Plotting the Politics of Definitions in Data about Pollution

How do the vested interests and influence of various stakeholders shape data semantics and categories – determining “what counts” in data?

What we know about toxic emissions in the United States is in part mediated by what toxic emissions industrial facilities are required to report. For decades environmental activists have pushed for more robust reporting of toxic emissions, while lobbyists from industry have pushed to reduce the burden of industrial reporting. The political battles are reflected in the data we currently have about pollution in the US. In this unit, we plot data about toxic emissions in the US over the course of two decades, while simultaneously examining changes in US policy regarding what forms of pollution facilities are required to report.
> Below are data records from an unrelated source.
text \<open>Write \<open>q\<close> for \<open>qq\<close> and \<open>E j\<close> for \<open>e\<^sub>-\<^sub>j\<close>. Up to a scalar, \<open>M\<^sub>k\<^sub>+\<^sub>1\<^sub>,\<^sub>n\<close> is the nested
  \<open>q\<close>-commutator \<open>Y k n\<close> of \<open>E (n - k), E (n - k + 2), \<dots>, E (n + k)\<close>. The defining relation at
  neighbouring indices gives \<open>2 (E i E (i + 1) - q E (i + 1) E i) = 0\<close>, and 2 is invertible in
  \<open>\<complex>(q)\<close>. A joint induction on \<open>k\<close> shows that \<open>Y k n\<close> skew-commutes with \<open>E j\<close>, with factor
  \<open>q ^ (j - n)\<close>, whenever \<open>|j - n| \<le> k + 1\<close>, and that the nested commutator may equally be built
  from the left; in both steps the defining relation trades the product of two new boundary
  generators for a product of generators that the induction hypothesis already controls.
  Multiplying these factors, \<open>Y k n\<close> skew-commutes with every \<open>Y l m\<close> whose generators lie in
  that window, with factor \<open>q ^ ((l + 1) (m - n))\<close>; for \<open>m = n + \<epsilon>\<close> this is the claim.\<close>

lemma qv_nonzero: "qv \<noteq> 0"
  unfolding qv_def by (subst Zero_fract_def) (simp add: eq_fract)

lemma qq_nonzero: "qq \<noteq> 0"
  unfolding qq_def using qv_nonzero by simp

lemma qq_powi_mult: "qq powi i * qq powi j = qq powi (i + j)"
  using power_int_add[of qq i j] qq_nonzero by simp

lemma two_Cq_nonzero: "(2::Cq) \<noteq> 0"
proof -
  have "(2::Cq) = Fract 2 1"
    using of_nat_fract[of 2] by simp
  moreover have "Fract (2::complex poly) 1 \<noteq> 0"
    by (subst Zero_fract_def) (simp add: eq_fract)
  ultimately show ?thesis
    by simp
qed

locale Cq_alg =
  fixes sc :: "Cq \<Rightarrow> 'a::ring_1 \<Rightarrow> 'a"
  assumes Cq_algebra: "Cq_algebra sc"
begin

sublocale module sc
  using Cq_algebra unfolding Cq_algebra_def by blast

lemma scale_mult_left [simp]: "sc a x * y = sc a (x * y)"
  using Cq_algebra unfolding Cq_algebra_def by metis

lemma mult_scale_right [simp]: "x * sc a y = sc a (x * y)"
  using Cq_algebra unfolding Cq_algebra_def by metis

lemma double_eq_zero_imp_zero:
  assumes "x + x = (0::'a)"
  shows "x = 0"
proof -
  have "sc 2 x = 0"
    using assms scale_left_distrib[of 1 1 x] by simp
  then have "sc (inverse 2) (sc 2 x) = 0"
    by simp
  then show ?thesis
    using two_Cq_nonzero by simp
qed

lemma skew_commute_mult:
  assumes "X * u = sc c (u * X)" and "X * v = sc d (v * X)"
  shows "X * (u * v) = sc (c * d) (u * v * X)"
  using assms by (simp add: mult.assoc flip: mult.assoc[of X])

lemma skew_commute_qcomm:
  assumes "X * u = sc c (u * X)" and "X * v = sc d (v * X)"
  shows "X * qcomm sc u v t = sc (c * d) (qcomm sc u v t * X)"
  using skew_commute_mult[OF assms] skew_commute_mult[OF assms(2,1)]
  unfolding qcomm_def
  by (simp add: right_diff_distrib left_diff_distrib scale_right_diff_distrib mult_ac)

lemma skew_commute_diff:
  assumes "X * u = sc c (u * X)" and "X * v = sc c (v * X)"
  shows "X * (u - sc t v) = sc c ((u - sc t v) * X)"
    and "X * (sc t u - v) = sc c ((sc t u - v) * X)"
  using assms
  by (simp_all add: right_diff_distrib left_diff_distrib scale_right_diff_distrib mult.commute)

lemma qcomm_skew_commute_right:
  assumes "p \<noteq> 0"
    and X_h: "X * h = sc d (h * X)"
    and X_rel: "X * (sc p (g * h) - h * g) = sc (a * d) ((sc p (g * h) - h * g) * X)"
    and d: "d = b * p"
  shows "qcomm sc X g a * h = sc b (h * qcomm sc X g a)"
proof -
  have "g * (X * h) = sc d (g * (h * X))"
    by (simp add: X_h)
  moreover have "sc d (h * (X * g)) = X * (h * g)"
    using arg_cong[OF X_h, of "\<lambda>z. z * g"] by (simp add: mult.assoc)
  ultimately have "sc p (qcomm sc X g a * h) - sc d (h * qcomm sc X g a)
      = X * (sc p (g * h) - h * g) - sc (a * d) ((sc p (g * h) - h * g) * X)"
    unfolding qcomm_def by (simp add: algebra_simps)
  also have "\<dots> = 0"
    using X_rel by simp
  finally have "sc p (qcomm sc X g a * h) = sc p (sc b (h * qcomm sc X g a))"
    using d by (simp add: mult.commute)
  then have "sc (inverse p) (sc p (qcomm sc X g a * h))
      = sc (inverse p) (sc p (sc b (h * qcomm sc X g a)))"
    by simp
  then show ?thesis
    using \<open>p \<noteq> 0\<close> by (simp add: mult.assoc[symmetric])
qed

lemma qcomm_skew_commute_left:
  assumes X_h: "X * h = sc d (h * X)"
    and X_rel: "sc a (X * (g * h - sc p (h * g))) = sc d ((g * h - sc p (h * g)) * X)"
    and b: "b = d * p"
  shows "qcomm sc g X a * h = sc b (h * qcomm sc g X a)"
proof -
  have X_hg: "sc d (h * (X * g)) = X * (h * g)"
    using arg_cong[OF X_h, of "\<lambda>z. z * g"] by (simp add: mult.assoc)
  have "qcomm sc g X a * h - sc b (h * qcomm sc g X a)
      = g * (X * h) - sc a (X * (g * h)) - sc p (sc d (h * (g * X)))
        + sc (a * p) (sc d (h * (X * g)))"
    unfolding qcomm_def b by (simp add: algebra_simps)
  also have "\<dots> = sc d ((g * h - sc p (h * g)) * X) - sc a (X * (g * h - sc p (h * g)))"
    unfolding X_hg by (simp add: X_h algebra_simps)
  also have "\<dots> = 0"
    using X_rel by simp
  finally show ?thesis
    by simp
qed

lemma qcomm_assoc:
  assumes "Z * (a * c - sc p (c * a)) = (a * c - sc p (c * a)) * Z"
  shows "qcomm sc (qcomm sc a Z s) c (s * p) = qcomm sc a (qcomm sc Z c s) (s * p)"
proof -
  have "qcomm sc (qcomm sc a Z s) c (s * p) - qcomm sc a (qcomm sc Z c s) (s * p)
      = sc s ((a * c - sc p (c * a)) * Z - Z * (a * c - sc p (c * a)))"
    unfolding qcomm_def by (simp add: algebra_simps)
  then show ?thesis
    using assms by simp
qed

end

locale loop_algebra = Cq_alg sc for sc :: "Cq \<Rightarrow> 'a::ring_1 \<Rightarrow> 'a" +
  fixes e :: "int \<Rightarrow> 'a"
  assumes loop_rel: "loop_rel sc e"
begin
We discuss how politics play a role in setting the standards, definitions, and categories into which data get reported, and in the process shape what we come to know about environmental problems facing the US.
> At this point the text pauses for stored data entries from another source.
(* Let $d\geq 3$. Let $\mathcal{H}_A=\mathbb{C}^2\otimes\mathbb{C}^d$ and $\mathcal{H}_B=\mathbb{C}^2\otimes\mathbb{C}^d$, and regard $\mathcal{H}_A\otimes\mathcal{H}_B$ as $(\mathbb{C}^2\otimes\mathbb{C}^2)\otimes(\mathbb{C}^d\otimes\mathbb{C}^d)$, where the first pair consists of the qubit factors of Alice and Bob and the second pair of the qudit factors. For $x,y,z\geq 0$ let $$\rho=\tilde Q_2\otimes\tilde Q+x\,P_2\otimes\tilde Q+y\,\tilde Q_2\otimes P+z\,P_2\otimes P.$$ If $z>\frac{2x}{d-2}$, then $\rho$ is entangled (not separable) with respect to the split $\mathcal{H}_A|\mathcal{H}_B$.
   Context: $P_2=|\Phi_2\rangle\langle\Phi_2|$ with $|\Phi_2\rangle=\frac{1}{\sqrt2}(|00\rangle+|11\rangle)\in\mathbb{C}^2\otimes\mathbb{C}^2$, and $\tilde Q_2=(\mathbb{1}-P_2)/3$. $P=|\Phi_d\rangle\langle\Phi_d|$ with $|\Phi_d\rangle=\frac{1}{\sqrt d}\sum_{i=0}^{d-1}|ii\rangle\in\mathbb{C}^d\otimes\mathbb{C}^d$, and $\tilde Q=(\mathbb{1}-P)/(d^2-1)$. A positive semidefinite operator is separable if it is a nonnegative combination of product operators $\rho^A\otimes\rho^B$ with $\rho^A,\rho^B\geq 0$. *)

theory Defs
  imports Complex_Main "Jordan_Normal_Form.Matrix"
begin

definition psd :: "complex mat \<Rightarrow> bool" where
  "psd M \<longleftrightarrow> dim_row M = dim_col M \<and>
     (\<forall>v :: nat \<Rightarrow> complex.
        let q = (\<Sum>i<dim_row M. \<Sum>j<dim_row M. cnj (v i) * M $$ (i, j) * v j)
        in q \<in> \<real> \<and> 0 \<le> Re q)"
(* There exists a constant $c>0$ such that the following holds. Consider the $K$-class stochastic block model on $n$ nodes (labels $Z_i$; given $Z$, $A_{ij}=A_{ji}$, $i<j$, independent Bernoulli$(P_{Z_iZ_j})$, $A_{ii}=0$, $P$ symmetric with entries in $[0,1]$). Let $t_{ab}:[0,1]\to\mathbb R$, $a,b\in\{1,\dots,K\}$, be twice differentiable functions with $\|t_{ab}'\|_\infty\vee\|t_{ab}''\|_\infty\le1$, and define for labellings $e$ the $K\times K$ matrix $$X_{ab}(e)=t_{ab}\Big(\frac{\widetilde O_{ab}(e)}{n^2}\Big)-t_{ab}\Big(\frac{\mathbb E(\widetilde O_{ab}(e)\mid Z)}{n^2}\Big).$$ Then for every integer $0\le m\le n$ and every $x>0$, $$\Pr\Big(\max_{e:\,\#\{i:e_i\ne Z_i\}\le m}\|X(e)-X(Z)\|_\infty>x\Big)\le6\binom nmK^{m+2}e^{-\frac{cx^2n^2}{m\|P\|_\infty/n+x}}.$$
   Context: $O_{ab}(e)=\sum_{i,j}A_{ij}1\{e_i=a,e_j=b\}$ for $a\ne b$, $O_{aa}(e)=\sum_{i<j}A_{ij}1\{e_i=e_j=a\}$; $\widetilde O_{ab}(e)=O_{ab}(e)$ for $a\ne b$ and $\widetilde O_{aa}(e)=2O_{aa}(e)$. For a matrix $M$, $\|M\|_\infty=\max_{a,b}|M_{ab}|$; for a function, $\|\cdot\|_\infty$ is the sup norm. *)

theory Defs
  imports "HOL-Probability.Probability"
begin

text \<open>Nodes are 0..<n, classes are 0..<K. An outcome of the random graph is the
 vector of upper-triangular edge indicators w (i,j), i<j<n.\<close>

definition adj :: "(nat \<times> nat \<Rightarrow> bool) \<Rightarrow> nat \<Rightarrow> nat \<Rightarrow> real" where
  "adj w i j = (if i < j then of_bool (w (i, j)) else if j < i then of_bool (w (j, i)) else 0)"

definition sbm_pmf :: "nat \<Rightarrow> (nat \<Rightarrow> nat \<Rightarrow> real) \<Rightarrow> (nat \<Rightarrow> nat) \<Rightarrow> (nat \<times> nat \<Rightarrow> bool) pmf" where
  "sbm_pmf n P Z = Pi_pmf {(i, j). i < j \<and> j < n} False
     (\<lambda>(i, j). bernoulli_pmf (P (Z i) (Z j)))"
Visualizing Institutional Incentives to “Juke the Stats”

How do institutional incentives shape data reporting? How can communities reclaim biased data to advance critical claims?

Since the 1990s, in a number of US cities, statistical analysis has been a key strategy in policing – determining where officers will be deployed and when. Further, data has become a tool for accountability in policing with a reduction in crime counts serving as a primary indicator of effectiveness and officers getting rewarded and penalized based on metrics. In some major cities, including NYC, this “numbers game” institutionally-incentivized officers to over-police certain communities and inflate or deflate crime counts. In this unit, we examine NYC data reporting every stop, question, and frisk incident in NYC – data compiled by the officers that performed the stop. First, we discuss the potential flaws in the data, and how those flaws emerge from particular institutional data cultures. With the same data, we then reproduce some of the calculations and visualizations that the New York Civil Liberties Union presented in the Supreme Court case that ultimately determined that stop, question, and frisk was being carried out unconstitutionally in NYC. In the process, we talk about how communities can reclaim even biased data in critical ways.

2011 Frisk Race Stops
This plot represents the number of recorded stops by the NYPD in 2011, categorized by race and whether or not the stop resulted in a frisk. Visualizations like these were used by civil rights advocates to show how the practice was being carried out in a discriminatory way in NYC in the Supreme Court case Floyd vs. city of New York.

Throughout the course, students engage with reading in critical data studies, journal on issues related to data ethics that they see out in the world, and practice critical reflection as they produce their own data calculations and plots. For the final, students complete a writing assignment that encourages them to think through how data analysis techniques can be used to support diverse, and sometimes conflicting claims. Students select a dataset and are tasked with producing a series of calculations and visualizations that support a claim that they believe to be true. They are then tasked with playing “devil’s advocate,” showcasing how an opponent could refute the claim with the same data by cherry-picking certain variables, aggregating the data to a scale that hides certain issues, or producing misleading plots. Referencing topics discussed throughout the course, they reflect on why such representations of the data are disingenuous. The assignment foregrounds the ways that data can be configured in deceptive ways, and helps students better anticipate and call out unethical data practices.